(* For every integer $n\geq 1$, $$c_n(231,213 : 231)=c_n(312,132 : 312)=\begin{cases}k^2+1 & \text{if } n=2k,\\ k^2+k+1 & \text{if } n=2k+1.\end{cases}$$
   Context: $S_n$ is the symmetric group on $[n]=\{1,\dots,n\}$, and a permutation $\pi\in S_n$ is written in one-line notation $\pi=\pi_1\pi_2\cdots\pi_n$ with $\pi_i=\pi(i)$. For $\tau\in S_k$, $k\le n$, $\pi$ contains $\tau$ if there are indices $i_1<\dots<i_k$ with $\pi_{i_s}>\pi_{i_t}$ iff $\tau_s>\tau_t$ for all $1\le s<t\le k$; otherwise $\pi$ avoids $\tau$. $\pi^2$ denotes the composition $\pi\circ\pi$. For patterns $\sigma_1,\sigma_2,\rho$, $c_n(\sigma_1,\sigma_2 : \rho)$ denotes the number of permutations $\pi\in S_n$ such that $\pi$ avoids both $\sigma_1$ and $\sigma_2$ and $\pi^2$ avoids $\rho$. *)

theory Defs
  imports "HOL-Combinatorics.Permutations"
begin

text \<open>A permutation of [n] = {1..n} is a function nat => nat that permutes {1..n}
  (identity outside).
  A pattern tau in S_k is given by its one-line notation as a list
  [tau_1, ..., tau_k].\<close>

definition contains :: "(nat \<Rightarrow> nat) \<Rightarrow> nat \<Rightarrow> nat list \<Rightarrow> bool" where
  "contains \<pi> n \<tau> \<longleftrightarrow>
     (\<exists>idx :: nat \<Rightarrow> nat.
        (\<forall>s t. s < t \<and> t < length \<tau> \<longrightarrow> idx s < idx t) \<and>
        (\<forall>s < length \<tau>. 1 \<le> idx s \<and> idx s \<le> n) \<and>
        (\<forall>s t. s < t \<and> t < length \<tau> \<longrightarrow>
              (\<pi> (idx s) > \<pi> (idx t) \<longleftrightarrow> \<tau> ! s > \<tau> ! t)))"

definition avoids :: "(nat \<Rightarrow> nat) \<Rightarrow> nat \<Rightarrow> nat list \<Rightarrow> bool" where
  "avoids \<pi> n \<tau> \<longleftrightarrow> \<not> contains \<pi> n \<tau>"

definition c :: "nat \<Rightarrow> nat list \<Rightarrow> nat list \<Rightarrow> nat list \<Rightarrow> nat" where
  "c n \<sigma>1 \<sigma>2 \<rho> = card {\<pi>. \<pi> permutes {1..n} \<and> avoids \<pi> n \<sigma>1 \<and> avoids \<pi> n \<sigma>2
                               \<and> avoids (\<pi> \<circ> \<pi>) n \<rho>}"

end

theory Submission
  imports Defs
begin

(* Avoiding 231 and 213 means that every entry of pi lies either below or above all entries to
   its right, so pi(1) is 1 or n.  If pi(1) = 1, then pi = 1 (+) sigma for a permutation sigma of
   the same kind on n - 1 letters, and this decomposition commutes with squaring.  If pi(1) = n,
   let pi begin with the longest run n, n - 1, ..., n + 1 - b; the next entry is then 1.
   Avoidance of 231 in pi^2 forces r = n - b <= b, and then pi^2 reads the last r entries
   backwards on the positions 1..r, so that they must increase.  Hence
   pi = n (n-1) ... (r+1) 1 2 ... r with 1 <= r <= n/2, giving the recursion
   c(n) = c(n-1) + floor(n/2) with c(1) = 1.  The second class is the image of the first under
   reverse-complement, i.e. conjugation by i -> n + 1 - i, which turns 231 into 312 and 213
   into 132 and commutes with squaring. *)

definition has231 :: "(nat \<Rightarrow> nat) \<Rightarrow> nat \<Rightarrow> bool" where
  "has231 f n \<longleftrightarrow> (\<exists>p q s. 1 \<le> p \<and> p < q \<and> q < s \<and> s \<le> n \<and> f s < f p \<and> f p < f q)"

definition has213 :: "(nat \<Rightarrow> nat) \<Rightarrow> nat \<Rightarrow> bool" where
  "has213 f n \<longleftrightarrow> (\<exists>p q s. 1 \<le> p \<and> p < q \<and> q < s \<and> s \<le> n \<and> f q < f p \<and> f p < f s)"

definition has312 :: "(nat \<Rightarrow> nat) \<Rightarrow> nat \<Rightarrow> bool" where
  "has312 f n \<longleftrightarrow> (\<exists>p q s. 1 \<le> p \<and> p < q \<and> q < s \<and> s \<le> n \<and> f q < f s \<and> f s < f p)"

definition has132 :: "(nat \<Rightarrow> nat) \<Rightarrow> nat \<Rightarrow> bool" where
  "has132 f n \<longleftrightarrow> (\<exists>p q s. 1 \<le> p \<and> p < q \<and> q < s \<and> s \<le> n \<and> f p < f s \<and> f s < f q)"

lemma has231I:
  "1 \<le> p \<Longrightarrow> p < q \<Longrightarrow> q < s \<Longrightarrow> s \<le> n \<Longrightarrow> f s < f p \<Longrightarrow> f p < f q \<Longrightarrow> has231 f n"
  unfolding has231_def by blast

===============

_Task requirements_
In the lines above, locate the string "definition". Copy every line where it occurs.

_Task result_
definition contains :: "(nat \<Rightarrow> nat) \<Rightarrow> nat \<Rightarrow> nat list \<Rightarrow> bool" where
definition avoids :: "(nat \<Rightarrow> nat) \<Rightarrow> nat \<Rightarrow> nat list \<Rightarrow> bool" where
definition c :: "nat \<Rightarrow> nat list \<Rightarrow> nat list \<Rightarrow> nat list \<Rightarrow> nat" where
definition has231 :: "(nat \<Rightarrow> nat) \<Rightarrow> nat \<Rightarrow> bool" where
definition has213 :: "(nat \<Rightarrow> nat) \<Rightarrow> nat \<Rightarrow> bool" where
definition has312 :: "(nat \<Rightarrow> nat) \<Rightarrow> nat \<Rightarrow> bool" where
definition has132 :: "(nat \<Rightarrow> nat) \<Rightarrow> nat \<Rightarrow> bool" where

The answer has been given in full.